## EXERCISE BRIEF
Among the entries below, copy every line that carries the word "insert".

## SUPPLIED MATERIAL

(* Let $\tilde{\mathbf{x}}=(x_s)\in(\mathbb{C}^* )^L$ satisfy the K-hexahedron equations. (a) For each $i\in\mathbb{Z}$ let $\alpha_i,\beta_i,\gamma_i\in\{-1,1\}$, and define $\tilde{\mathbf{y}}=(y_s)\in(\mathbb{C}^* )^L$ by $y_{(a,b,c)}=x_{(a,b,c)}$, $y_{(a,b+\frac12,c+\frac12)}=\beta_b\gamma_c\,x_{(a,b+\frac12,c+\frac12)}$, $y_{(a+\frac12,b,c+\frac12)}=\alpha_a\gamma_c\,x_{(a+\frac12,b,c+\frac12)}$, $y_{(a+\frac12,b+\frac12,c)}=\alpha_a\beta_b\,x_{(a+\frac12,b+\frac12,c)}$ for all $(a,b,c)\in\mathbb{Z}^3$. Then $\tilde{\mathbf{y}}$ satisfies the K-hexahedron equations. (b) Conversely, if $\tilde{\mathbf{y}}=(y_s)\in(\mathbb{C}^* )^L$ satisfies the K-hexahedron equations and $y_s=x_s$ for all $s\in\mathbb{Z}^3$, then there exist signs $\alpha_i,\beta_i,\gamma_i\in\{-1,1\}$, $i\in\mathbb{Z}$, such that $\tilde{\mathbf{y}}$ is given by the formulas in (a) for all $(a,b,c)\in\mathbb{Z}^3$.
   Context: $L=\{(i,j,k)\in\mathbb{R}^3: 2i,2j,2k,i+j+k\in\mathbb{Z}\}$, i.e. $\mathbb{Z}^3$ together with the centers of unit squares with vertices in $\mathbb{Z}^3$. An array $\tilde{\mathbf{x}}=(x_s)\in\mathbb{C}^L$ with $x_s\ne0$ for $s\in\mathbb{Z}^3$ satisfies the K-hexahedron equations if (i) for every $s\in L\setminus\mathbb{Z}^3$, $x_s^2=x_{v_1}x_{v_3}+x_{v_2}x_{v_4}$, where $v_1,v_2,v_3,v_4$ are the vertices in cyclic order of the unit square centered at $s$; and (ii) for every $v\in\mathbb{Z}^3$, writing $z_{ijk}=x_{v+(i,j,k)}$: $z_{1\frac12\frac12}=(z_{\frac120\frac12}z_{\frac12\frac120}+z_{0\frac12\frac12}z_{100})/z_{000}$, $z_{\frac121\frac12}=(z_{0\frac12\frac12}z_{\frac12\frac120}+z_{\frac120\frac12}z_{010})/z_{000}$, $z_{\frac12\frac121}=(z_{0\frac12\frac12}z_{\frac120\frac12}+z_{\frac12\frac120}z_{001})/z_{000}$, $z_{111}=(A+2z_{0\frac12\frac12}z_{\frac120\frac12}z_{\frac12\frac120})/z_{000}^2$ with $A=2z_{100}z_{010}z_{001}+z_{000}(z_{100}z_{011}+z_{010}z_{101}+z_{001}z_{110})$. *)

theory Defs
  imports Complex_Main
begin

text \<open>Points of L are encoded by doubled coordinates: (p,q,r) :: int^3 stands for
  (p/2,q/2,r/2). Thus L corresponds to {(p,q,r). even (p+q+r)}, Z^3 to the all-even
  triples, and face centres to triples with exactly two odd coordinates.
  An array indexed by L is a function int*int*int => complex whose values off L are irrelevant.\<close>

definition inL :: "int \<times> int \<times> int \<Rightarrow> bool" where
  "inL s = (case s of (p, q, r) \<Rightarrow> even (p + q + r))"

definition Khex :: "(int \<times> int \<times> int \<Rightarrow> complex) \<Rightarrow> bool" where
  "Khex x \<longleftrightarrow>
     (\<forall>a b c. x (2*a, 2*b, 2*c) \<noteq> 0) \<and>
     (\<forall>a b c. (x (2*a, 2*b+1, 2*c+1))^2 =
                 x (2*a, 2*b, 2*c) * x (2*a, 2*b+2, 2*c+2) + x (2*a, 2*b+2, 2*c) * x (2*a, 2*b, 2*c+2)) \<and>
     (\<forall>a b c. (x (2*a+1, 2*b, 2*c+1))^2 =
                 x (2*a, 2*b, 2*c) * x (2*a+2, 2*b, 2*c+2) + x (2*a+2, 2*b, 2*c) * x (2*a, 2*b, 2*c+2)) \<and>
     (\<forall>a b c. (x (2*a+1, 2*b+1, 2*c))^2 =
                 x (2*a, 2*b, 2*c) * x (2*a+2, 2*b+2, 2*c) + x (2*a+2, 2*b, 2*c) * x (2*a, 2*b+2, 2*c)) \<and>
     (\<forall>a b c. let z = (\<lambda>i j k. x (2*a+i, 2*b+j, 2*c+k)) in
        z 2 1 1 = (z 1 0 1 * z 1 1 0 + z 0 1 1 * z 2 0 0) / z 0 0 0 \<and>
        z 1 2 1 = (z 0 1 1 * z 1 1 0 + z 1 0 1 * z 0 2 0) / z 0 0 0 \<and>
        z 1 1 2 = (z 0 1 1 * z 1 0 1 + z 1 1 0 * z 0 0 2) / z 0 0 0 \<and>
        z 2 2 2 = (2 * z 2 0 0 * z 0 2 0 * z 0 0 2
                    + z 0 0 0 * (z 2 0 0 * z 0 2 2 + z 0 2 0 * z 2 0 2 + z 0 0 2 * z 2 2 0)
                    + 2 * z 0 1 1 * z 1 0 1 * z 1 1 0) / (z 0 0 0)^2)"
lemma rank_eq_mat_rank_leading_modes:
  assumes T: "is_tensor X" and L: "2 \<le> length (dims X)"
    and ones: "\<forall>k. 2 \<le> k \<longrightarrow> k < length (dims X) \<longrightarrow> dims X ! k = 1"
  shows "r X = mat_rank (assoc_matrix X 0 1)"
proof -
  let ?A = "assoc_matrix X 0 1"
  have modes: "nontrivial_modes X \<subseteq> {0, 1}"
  proof
    fix n assume "n \<in> nontrivial_modes X"
    then have "\<not> 2 \<le> n" using ones unfolding nontrivial_modes_def by fastforce
    then show "n \<in> {0, 1}" by auto
  qed
  show ?thesis
  proof (cases "nontrivial_modes X = {0, 1}")
    case True
    then show ?thesis using two_modes[OF T, of 0 1] by simp
  next
    case False
    then have "dims X ! 0 = 1 \<or> dims X ! 1 = 1"
      using L dims_pos[OF T, of 0] dims_pos[OF T, of 1] modes unfolding nontrivial_modes_def by force
    then have thin: "dim_row ?A = 1 \<or> dim_col ?A = 1" unfolding assoc_matrix_def by simp
    have leading: "0 < length (dims X)" "1 < length (dims X)" using L by auto
    show ?thesis
    proof (cases "is_zero X")
      case True
      then have "mat_rank ?A = 0" by (intro mat_rank_eq_0) (simp add: assoc_matrix_def is_zero_def)
      then show ?thesis using zero_iff[OF T] True by simp
    next
      case nz: False
      have "card (nontrivial_modes X) < 2"
        using psubset_card_mono[of "{0, 1}" "nontrivial_modes X"] modes False by fastforce
      then have "r X = 1" using one_iff[OF T] two_le_card_nontrivial_modes[OF T nz] by fastforce
      obtain i0 where i0: "entry X i0 \<noteq> 0" using nz unfolding is_zero_def by auto
      have v0: "valid_idx (dims X) i0" using valid_idx_if_entry_nonzero[OF T i0] .
      then have "?A $$ (i0 ! 0, i0 ! 1) \<noteq> 0"
        using entry_eq_assoc_matrix[OF v0 _ leading modes] i0 by simp
      moreover have "i0 ! 0 < dim_row ?A" "i0 ! 1 < dim_col ?A"
        using v0 leading unfolding valid_idx_def assoc_matrix_def by auto
      ultimately have "1 \<le> mat_rank ?A" using one_le_mat_rank by blast
      then show ?thesis using mat_rank_le_1[OF thin] \<open>r X = 1\<close> by simp
    qed
  qed
qed

lemma rank_subtensor_le:
  assumes T: "is_tensor X" and S: "is_subtensor Y X"
  shows "r Y \<le> r X"
proof -
  have TY: "is_tensor Y" using S unfolding is_subtensor_def by simp
  consider "is_zero Y" | "\<not> is_zero Y" "rank_one Y" | "\<not> is_zero Y" "\<not> rank_one Y" by blast
  then show ?thesis
  proof cases
    case 1
    then show ?thesis using zero_iff[OF TY] by simp
  next
    case 2
    then have "r Y = 1" using one_iff[OF TY] by simp
    moreover have "r X \<noteq> 0" using zero_iff[OF T] not_zero_if_subtensor_not_zero[OF S 2(1)] by simp
    ultimately show ?thesis by simp
  next
    case 3
    have nzX: "\<not> is_zero X" using not_zero_if_subtensor_not_zero[OF S 3(1)] .
    have nrX: "\<not> rank_one X" using rank_one_subtensor[OF S] 3 by blast
    have modes: "nontrivial_modes Y \<subseteq> nontrivial_modes X" using nontrivial_modes_subtensor[OF S] .
    have two: "2 \<le> card (nontrivial_modes Y)" using two_le_card_nontrivial_modes[OF TY 3] .
    show ?thesis
    proof (cases "3 \<le> card (nontrivial_modes X)")
      case True
      have "r Y \<le> Max (set (dims Y))" using rank_le_Max_dims[OF TY] .
      also have "\<dots> \<le> Max (set (dims X))" using Max_dims_subtensor_le[OF S] .
      also have "\<dots> = r X" using many_modes[OF T nzX nrX True] by simp
      finally show ?thesis .
    next
      case False
      then have same: "nontrivial_modes Y = nontrivial_modes X"
        using two card_seteq[OF finite_nontrivial_modes modes] by simp
      have "card (nontrivial_modes Y) = 2" using False two same by simp
      then obtain n1 n2 where n: "n1 < n2" "nontrivial_modes Y = {n1, n2}"
        using card_2_obtain_less by blast
      then have "n1 < length (dims X)" "n2 < length (dims X)"
        using same unfolding nontrivial_modes_def by auto
      then have "mat_rank (assoc_matrix Y n1 n2) \<le> mat_rank (assoc_matrix X n1 n2)"
        using mat_rank_assoc_matrix_subtensor_le[OF S] n same by simp
      then show ?thesis using two_modes[OF TY n] two_modes[OF T n(1)] n(2) same by simp
    qed
  qed
qed
section \<open>Cumulative surplus rate and the area of the excursion\<close>

lemma surplus_index_set:
  "{(l, j, k). l \<in> {h..h+r} \<and> 1 \<le> j \<and> j \<le> k \<and> k \<le> l \<and> (k = l \<longrightarrow> j = l) \<and>
      T_merge n x xi \<pi> l j k \<le> ereal q} =
   Sigma {h..h+r} (\<lambda>l. insert (l, l) (absorbed_blocks l))"
proof (intro set_eqI)
  fix p :: "nat \<times> nat \<times> nat"
  obtain l j k where p: "p = (l, j, k)" by (cases p) auto
  have T_diag: "T_merge n x xi \<pi> l l l = 0" by (simp add: T_merge_def)
  have absorbed: "(j, k) \<in> absorbed_blocks l \<Longrightarrow> h \<le> j \<and> j \<le> k \<and> k < l"
    by (auto simp: absorbed_blocks_def)
  have T_le_iff: "T_merge n x xi \<pi> l j k \<le> ereal q \<longleftrightarrow> (j, k) \<in> absorbed_blocks l"
    if "l \<in> {h..h+r}" "1 \<le> j" "j \<le> k" "k < l"
    using T_merge_absorbed(1) that by auto
  show "p \<in> {(l, j, k). l \<in> {h..h+r} \<and> 1 \<le> j \<and> j \<le> k \<and> k \<le> l \<and> (k = l \<longrightarrow> j = l) \<and>
      T_merge n x xi \<pi> l j k \<le> ereal q} \<longleftrightarrow> p \<in> Sigma {h..h+r} (\<lambda>l. insert (l, l) (absorbed_blocks l))"
  proof (cases "k = l")
    case True
    then show ?thesis unfolding p using T_diag absorbed q_pos first_pos by auto
  next
    case False
    then show ?thesis unfolding p using absorbed T_le_iff first_pos by fastforce
  qed
qed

## THE ANSWER
   Sigma {h..h+r} (\<lambda>l. insert (l, l) (absorbed_blocks l))"
      T_merge n x xi \<pi> l j k \<le> ereal q} \<longleftrightarrow> p \<in> Sigma {h..h+r} (\<lambda>l. insert (l, l) (absorbed_blocks l))"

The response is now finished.